Warnado smirked beneath his hood. "If you tell me the real leaf was all the friends we made along the way I'm going to punch you."

"Okay, not that dumb," Astro laughed. "So I don't break your concentration I'm going to explain the concept first. Where I come from, we wizards like to pretend our brand of magic is a science like thaumaturgy, or a power with a quantifiable source like admin magic, but in reality it's just a natural thing we can do. Some people can sing, some folks are strong, we can change reality a bit. Once you realise that, it's all about how you look at things.

"Some of it has a basis. Like, once you appreciate that water is hydrogen and oxygen, it's not that hard to envision those two things splitting apart. And from there, because you know gas gets set on fire it's not too hard to see the hydrogen catching fire and exploding because that's what hydrogen does.

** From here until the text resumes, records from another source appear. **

lemma quadratic_onto_nonneg_imp_pos:
  fixes a0 a1 a2 :: real
  assumes onto: "range (\<lambda>s. a0 + a1 * s + a2 * s\<^sup>2) = {0..}"
  shows "a2 > 0"
proof (rule ccontr)
  let ?y = "\<lambda>s. a0 + a1 * s + a2 * s\<^sup>2"
  have nonneg: "?y s \<ge> 0" for s
  proof -
    have "?y s \<in> range ?y"
      by (rule rangeI)
    then show ?thesis
      unfolding onto by simp
  qed
  have hit: "\<exists>s. ?y s = T" if "T \<ge> 0" for T
  proof -
    have "T \<in> range ?y"
      unfolding onto using that by simp
    then obtain s where "T = ?y s"
      by blast
    then show ?thesis
      by auto
  qed
  assume "\<not> a2 > 0"
  then consider "a2 < 0" | "a2 = 0" "a1 = 0" | "a2 = 0" "a1 \<noteq> 0"
    by linarith
  then show False
  proof cases
    case 1
    have bound: "?y s \<le> a0 + a1\<^sup>2 / (- 4 * a2)" for s
    proof -
      have "?y s = a0 + a1\<^sup>2 / (- 4 * a2) + a2 * (s + a1 / (2 * a2))\<^sup>2"
        using 1 by (simp add: power2_eq_square field_simps)
      moreover have "a2 * (s + a1 / (2 * a2))\<^sup>2 \<le> 0"
        using 1 by (simp add: mult_nonpos_nonneg)
      ultimately show ?thesis
        by linarith
    qed
    have "a1\<^sup>2 / (- 4 * a2) \<ge> 0"
      using 1 by (intro divide_nonneg_pos) auto
    then obtain s where "?y s = \<bar>a0\<bar> + a1\<^sup>2 / (- 4 * a2) + 1"
      using hit[of "\<bar>a0\<bar> + a1\<^sup>2 / (- 4 * a2) + 1"] by auto
    with bound[of s] show False
      by linarith
  next
    case 2
    obtain s where "?y s = \<bar>a0\<bar> + 1"
      using hit[of "\<bar>a0\<bar> + 1"] by auto
    with 2 show False
      by simp
  next
    case 3
    then have "?y (- (\<bar>a0\<bar> + 1) / a1) < 0"
      by simp
    with nonneg show False
      by (metis not_le)
  qed
qed

lemma second_difference_quadratic_curve:
  fixes c w1 w2 :: "real^3"
  defines "p \<equiv> \<lambda>s. c + s *\<^sub>R w1 + s\<^sup>2 *\<^sub>R w2"
  shows "2 *\<^sub>R w2 = (p 1 - c0) + (p (-1) - c0) - 2 *\<^sub>R (p 0 - c0)"
  by (simp add: p_def vec_eq_iff algebra_simps)

lemma parabola_axis_range_quadratic:
  fixes c w1 w2 v :: "real^3"
  assumes "parabola_axis (range (\<lambda>s. c + s *\<^sub>R w1 + s\<^sup>2 *\<^sub>R w2)) v"
  shows "\<exists>l>0. w2 = l *\<^sub>R v"
proof -
  let ?p = "\<lambda>s. c + s *\<^sub>R w1 + s\<^sup>2 *\<^sub>R w2"
  obtain c0 e1 a where "norm v = 1" "norm e1 = 1" "e1 \<bullet> v = 0" "a > 0"
    and P: "range ?p = {c0 + t *\<^sub>R e1 + (a * t\<^sup>2) *\<^sub>R v | t. True}"
    using assms unfolding parabola_axis_def by blast
  then have vv: "v \<bullet> v = 1" and ee: "e1 \<bullet> e1 = 1" and ve: "v \<bullet> e1 = 0" "e1 \<bullet> v = 0"
    by (simp_all add: dot_square_norm inner_commute)
  define x where "x s = (?p s - c0) \<bullet> e1" for s
  have on_P: "?p s - c0 = x s *\<^sub>R e1 + (a * (x s)\<^sup>2) *\<^sub>R v" for s
  proof -
    obtain t where "?p s - c0 = t *\<^sub>R e1 + (a * t\<^sup>2) *\<^sub>R v"
      using rangeI[of ?p s] unfolding P by (auto simp: algebra_simps)
    moreover from this have "x s = t"
      by (simp add: x_def inner_add_left ee ve)
    ultimately show ?thesis
      by simp
  qed
  have x: "x s = (c - c0) \<bullet> e1 + (w1 \<bullet> e1) * s + (w2 \<bullet> e1) * s\<^sup>2" for s
    by (simp add: x_def algebra_simps inner_add_left inner_diff_left)
  have "(c - c0) \<bullet> v + (w1 \<bullet> v) * s + (w2 \<bullet> v) * s\<^sup>2 = a * (x s)\<^sup>2" for s
    using arg_cong[OF on_P[of s], of "\<lambda>z. z \<bullet> v"]
    by (simp add: algebra_simps inner_add_left inner_diff_left vv ve)
  then have "w2 \<bullet> e1 = 0"
    using quadratic_eq_scaled_square_imp_linear[of a "(c - c0) \<bullet> v" "w1 \<bullet> v" "w2 \<bullet> v"] \<open>a > 0\<close>
    unfolding x by simp
  have "w1 \<bullet> e1 \<noteq> 0"
  proof
    assume "w1 \<bullet> e1 = 0"
    let ?t = "(c - c0) \<bullet> e1 + 1"
    have "c0 + ?t *\<^sub>R e1 + (a * ?t\<^sup>2) *\<^sub>R v \<in> range ?p"
      unfolding P by blast
    then obtain s where s: "c0 + ?t *\<^sub>R e1 + (a * ?t\<^sup>2) *\<^sub>R v = ?p s"
      by (rule rangeE)
    have "x s = ?t"
      by (simp add: x_def inner_add_left ee ve flip: s)
    with x[of s] \<open>w1 \<bullet> e1 = 0\<close> \<open>w2 \<bullet> e1 = 0\<close> show False
      by simp
  qed
  have "2 *\<^sub>R w2 = (?p 1 - c0) + (?p (-1) - c0) - 2 *\<^sub>R (?p 0 - c0)"
    by (rule second_difference_quadratic_curve)
  also have "\<dots> = (x 1 + x (-1) - 2 * x 0) *\<^sub>R e1 + (a * ((x 1)\<^sup>2 + (x (-1))\<^sup>2 - 2 * (x 0)\<^sup>2)) *\<^sub>R v"
    by (simp only: on_P) (simp add: algebra_simps)
  also have "\<dots> = 2 *\<^sub>R ((a * (w1 \<bullet> e1)\<^sup>2) *\<^sub>R v)"
    unfolding x \<open>w2 \<bullet> e1 = 0\<close> by (simp add: algebra_simps power2_eq_square)
  finally have "w2 = (a * (w1 \<bullet> e1)\<^sup>2) *\<^sub>R v"
    by (metis scaleR_cancel_left zero_neq_numeral)
  moreover have "a * (w1 \<bullet> e1)\<^sup>2 > 0"
    using \<open>a > 0\<close> \<open>w1 \<bullet> e1 \<noteq> 0\<close> by simp
  ultimately show ?thesis
    by blast
qed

"Other times you just have to trick your brain into accepting something that doesn't have a good explanation. Part of the reason I floated it over to you is so that you could clearly understand that the leaf can float if you want it to. You've already seen it do so, so you're not going to doubt it so easily. You get it?"

"I think so," Warnado responds. "Consensus reality and all that."

Warnado's vocabulary always surprised Shadow. Occasionally he would mention words or concepts he logically had no way of knowing, like how he had mentioned Clue when they were investigating the Dreamweaver. She really wondered where he got them from.

"Consensus reality is a dumb term made up by smart idiots who don't appreciate that the entire point is not to overthink it," Astro ranted. "But yes, it's pretty much that. So, now I'm about to say the dumb thing."

He didn't say it.

"Keep me in suspense, why don't you?" Warnado pressed.

"Imagine you are the leaf," he paused to Warnado's stifled laughter, and chuckled a bit himself. "Ha… ha, just, ha, just presume that when the leaf moves... you move."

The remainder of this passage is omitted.